## Task statement
Show me every line in the listing that has the word "auto".

## Source data

lemma ncyc_pdual_edges:
  "ncyc B (\<lambda>x. if x \<in> labs B he A then inv_into B psi x else psi x) = 2 * card (he ` B)"
proof -
  let ?S = "labs B he A"
  let ?psi' = "\<lambda>x. if x \<in> ?S then inv_into B psi x else psi x"
  have "cyc ?psi' x = cyc psi x" if x: "x \<in> B" for x
  proof (cases "x \<in> ?S")
    case True
    have "inv_into B psi z \<in> ?S" if "z \<in> ?S" for z
    proof -
      have "z \<in> B" "he z \<in> A" using that unfolding labs_def by auto
      moreover have "inv_into B psi z \<in> B" "psi (inv_into B psi z) = z"
        using \<open>z \<in> B\<close> bij_betw_imp_surj_on[OF hm_bij_psi]
        by (auto intro: inv_into_into f_inv_into_f)
      ultimately show ?thesis using hm_he_psi unfolding labs_def by (metis (mono_tags, lifting) mem_Collect_eq)
    qed
    then have "?psi' ` ?S \<subseteq> ?S" by auto
    then have "cyc ?psi' x = cyc (inv_into B psi) x" by (rule cyc_cong) (simp_all add: True)
    also have "\<dots> = cyc psi x" by (rule cyc_inv_into[OF hm_finite hm_bij_psi x])
    finally show ?thesis .
  next
    case False
    have "psi ` (B - ?S) \<subseteq> B - ?S"
      using bij_betw_apply[OF hm_bij_psi] hm_he_psi unfolding labs_def by auto
    then have "cyc psi x = cyc ?psi' x" by (rule cyc_cong) (use False x in simp_all)
    then show ?thesis by simp
  qed
  then have "cyc ?psi' ` B = cyc psi ` B" by (rule image_cong[OF refl])
  moreover have "card (cyc psi ` {y\<in>B. he y \<in> he ` B}) = 2 * card (he ` B)"
    using card_cyc_fibres[OF hm_finite hm_bij_psi hm_he_psi hm_edge_cycles order_refl] .
  moreover have "{y\<in>B. he y \<in> he ` B} = B" by blast
  ultimately show ?thesis unfolding ncyc_def by simp
qed

lemma pdual_face_perm:
  assumes "z \<in> B"
  shows "((\<lambda>x. if x \<in> labs B he A then inv_into B psi x else psi x) \<circ> (restr (labs B he A) psi \<circ> tau)) z
           = (restr (labs B he (he ` B - A)) psi \<circ> tau) z"
proof -
  have "tau z \<in> B" using bij_betw_apply[OF hm_bij_tau assms] .
  show ?thesis
  proof (cases "he (tau z) \<in> A")
    case True
    have "he (psi (tau z)) \<in> A" using True hm_he_psi[OF \<open>tau z \<in> B\<close>] by simp
    moreover have "inv_into B psi (psi (tau z)) = tau z"
      using bij_betw_imp_inj_on[OF hm_bij_psi] \<open>tau z \<in> B\<close> by simp
    moreover have "psi (tau z) \<in> B" using bij_betw_apply[OF hm_bij_psi \<open>tau z \<in> B\<close>] .
    ultimately show ?thesis using True \<open>tau z \<in> B\<close> by (simp add: restr_def labs_def)
  qed (use \<open>tau z \<in> B\<close> in \<open>simp add: restr_def labs_def\<close>)
qed

lemma hm_chi_pdual:
  "hm_chi (pdual B tau psi he A)
     = sub_faces B tau psi vx he A + real (card (he ` B))
       + sub_faces B tau psi vx he (he ` B - A) - real (card B) / 2"
proof -
  let ?psi' = "\<lambda>x. if x \<in> labs B he A then inv_into B psi x else psi x"
  let ?g = "restr (labs B he (he ` B - A)) psi \<circ> tau"
  have "bij_betw ?g B B"
    using hm_bij_tau bij_betw_restr[OF hm_bij_psi_labs labs_subset] by (rule bij_betw_trans)
  then have "?g ` B \<subseteq> B" using bij_betw_imp_surj_on equalityD1 by metis
  then have "cyc ?g x = cyc (?psi' \<circ> (restr (labs B he A) psi \<circ> tau)) x" if "x \<in> B" for x
    by (rule cyc_cong[OF _ pdual_face_perm[symmetric] that])
  then have "ncyc B (?psi' \<circ> (restr (labs B he A) psi \<circ> tau)) = ncyc B ?g"
    unfolding ncyc_def by (metis (no_types, lifting) image_cong)
  then show ?thesis
    unfolding hm_chi_def pdual_def
    using ncyc_restr_labs[of A] ncyc_restr_labs[of "he ` B - A"] ncyc_pdual_edges[of A] by simp
qed

end

theorem mainTheorem1:
  fixes B :: "'b set" and tau psi :: "'b \<Rightarrow> 'b"
    and vx :: "'b \<Rightarrow> 'v" and he :: "'b \<Rightarrow> 'e" and A :: "'e set"
  assumes "hypermap B tau psi vx he"
    and "hm_connected B vx he"
    and "A \<subseteq> he ` B"
  shows "hm_chi (pdual B tau psi he A)
           = sub_chi B tau psi vx he A + sub_chi B tau psi vx he (he ` B - A)
             - 2 * real (card (vx ` B))"
proof -
  let ?E = "he ` B" and ?deg = "hdeg B vx he"
  have fin_E: "finite ?E" using hm_finite[OF assms(1)] by simp
  have "card ?E = card A + card (?E - A)"
    using card_Diff_subset[OF finite_subset[OF assms(3) fin_E] assms(3)] card_mono[OF fin_E assms(3)]
    by simp
  moreover have "card B = 2 * ((\<Sum>e\<in>A. ?deg e) + (\<Sum>e\<in>?E - A. ?deg e))"
    using hm_card_eq_degree_sum[OF assms(1)] sum.subset_diff[OF assms(3) fin_E, of ?deg] by simp
  ultimately show ?thesis
    unfolding hm_chi_pdual[OF assms(1)] sub_chi_eq by (simp add: algebra_simps)
qed

end
text \<open>The linearization remainder of each monomial is quadratic in the increment, with a constant
  that is summable against the coefficients.\<close>
lemma pseries_linearization_error:
  fixes c :: "('a \<Rightarrow> nat) \<Rightarrow> 'X::banach"
  assumes S: "finite S" and p: "p \<in> S" and c: "radius_ge S r c" and \<rho>: "0 < \<rho>" "\<rho> < r"
  obtains K where "\<And>h t. (\<And>q. q \<in> S \<Longrightarrow> \<bar>h q\<bar> \<le> \<rho>) \<Longrightarrow> \<bar>t\<bar> \<le> \<rho> \<Longrightarrow>
    norm (pseries S c (h(p := t)) - pseries S c h - (t - h p) *\<^sub>R pseries S (coeff_pderiv p c) h) \<le> K * (t - h p)\<^sup>2"
proof -
  define c2 where "c2 = (\<lambda>\<beta>. real (mdeg S \<beta>) *\<^sub>R (real (mdeg S \<beta>) *\<^sub>R c \<beta>))"
  have "radius_ge S r c2" unfolding c2_def by (intro radius_ge_scaleR_mdeg c)
  then obtain G where G: "((\<lambda>\<beta>. norm (c2 \<beta>) * \<rho> ^ mdeg S \<beta>) has_sum G) (mindices_on S)"
    using radius_ge_summable[OF S _ \<rho>] by (auto simp: summable_on_def)
  have "norm (pseries S c (h(p := t)) - pseries S c h - (t - h p) *\<^sub>R pseries S (coeff_pderiv p c) h)
        \<le> G / \<rho>\<^sup>2 * (t - h p)\<^sup>2"
    if h: "\<And>q. q \<in> S \<Longrightarrow> \<bar>h q\<bar> \<le> \<rho>" and t: "\<bar>t\<bar> \<le> \<rho>" for h t
  proof -
    define d where "d = t - h p"
    have ht: "\<And>q. q \<in> S \<Longrightarrow> \<bar>(h(p := t)) q\<bar> \<le> \<rho>" using h t by simp
    have deriv: "((\<lambda>\<beta>. dmonom_on S p h \<beta> *\<^sub>R c \<beta>) has_sum pseries S (coeff_pderiv p c) h) (mindices_on S)"
      using pseries_has_sum[OF S radius_ge_coeff_pderiv[OF S p c] \<rho> h]
      by (simp add: has_sum_coeff_pderiv_iff[OF S p])
    have "((\<lambda>\<beta>. monom_on S (h(p := t)) \<beta> *\<^sub>R c \<beta> + (-1) *\<^sub>R (monom_on S h \<beta> *\<^sub>R c \<beta>) + (-d) *\<^sub>R (dmonom_on S p h \<beta> *\<^sub>R c \<beta>))
           has_sum (pseries S c (h(p := t)) + (-1) *\<^sub>R pseries S c h + (-d) *\<^sub>R pseries S (coeff_pderiv p c) h)) (mindices_on S)"
      by (intro has_sum_add has_sum_scaleR pseries_has_sum[OF S c \<rho> ht] pseries_has_sum[OF S c \<rho> h] deriv)
    then have err: "((\<lambda>\<beta>. (monom_on S (h(p := t)) \<beta> - monom_on S h \<beta> - d * dmonom_on S p h \<beta>) *\<^sub>R c \<beta>)
           has_sum (pseries S c (h(p := t)) - pseries S c h - d *\<^sub>R pseries S (coeff_pderiv p c) h)) (mindices_on S)"
      by (simp add: algebra_simps)
    have bound: "((\<lambda>\<beta>. d\<^sup>2 / \<rho>\<^sup>2 * (norm (c2 \<beta>) * \<rho> ^ mdeg S \<beta>)) has_sum (d\<^sup>2 / \<rho>\<^sup>2 * G)) (mindices_on S)"
      by (rule has_sum_cmult_right[OF G])
    have "norm ((monom_on S (h(p := t)) \<beta> - monom_on S h \<beta> - d * dmonom_on S p h \<beta>) *\<^sub>R c \<beta>)
          \<le> d\<^sup>2 / \<rho>\<^sup>2 * (norm (c2 \<beta>) * \<rho> ^ mdeg S \<beta>)" for \<beta>
      using mult_right_mono[OF monom_on_linearization_error[of S p h \<rho> t \<beta>, OF S p h t \<rho>(1)]
          norm_ge_zero[of "c \<beta>"]]
      by (simp add: c2_def d_def power2_eq_square mult_ac)
    then have "norm (pseries S c (h(p := t)) - pseries S c h - d *\<^sub>R pseries S (coeff_pderiv p c) h) \<le> d\<^sup>2 / \<rho>\<^sup>2 * G"
      by (rule norm_infsum_le[OF err bound])
    then show ?thesis by (simp add: d_def mult.commute)
  qed
  then show ?thesis by (rule that)
qed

## Output of the exercise
      have "z \<in> B" "he z \<in> A" using that unfolding labs_def by auto
        by (auto intro: inv_into_into f_inv_into_f)
    then have "?psi' ` ?S \<subseteq> ?S" by auto
      using bij_betw_apply[OF hm_bij_psi] hm_he_psi unfolding labs_def by auto
    using radius_ge_summable[OF S _ \<rho>] by (auto simp: summable_on_def)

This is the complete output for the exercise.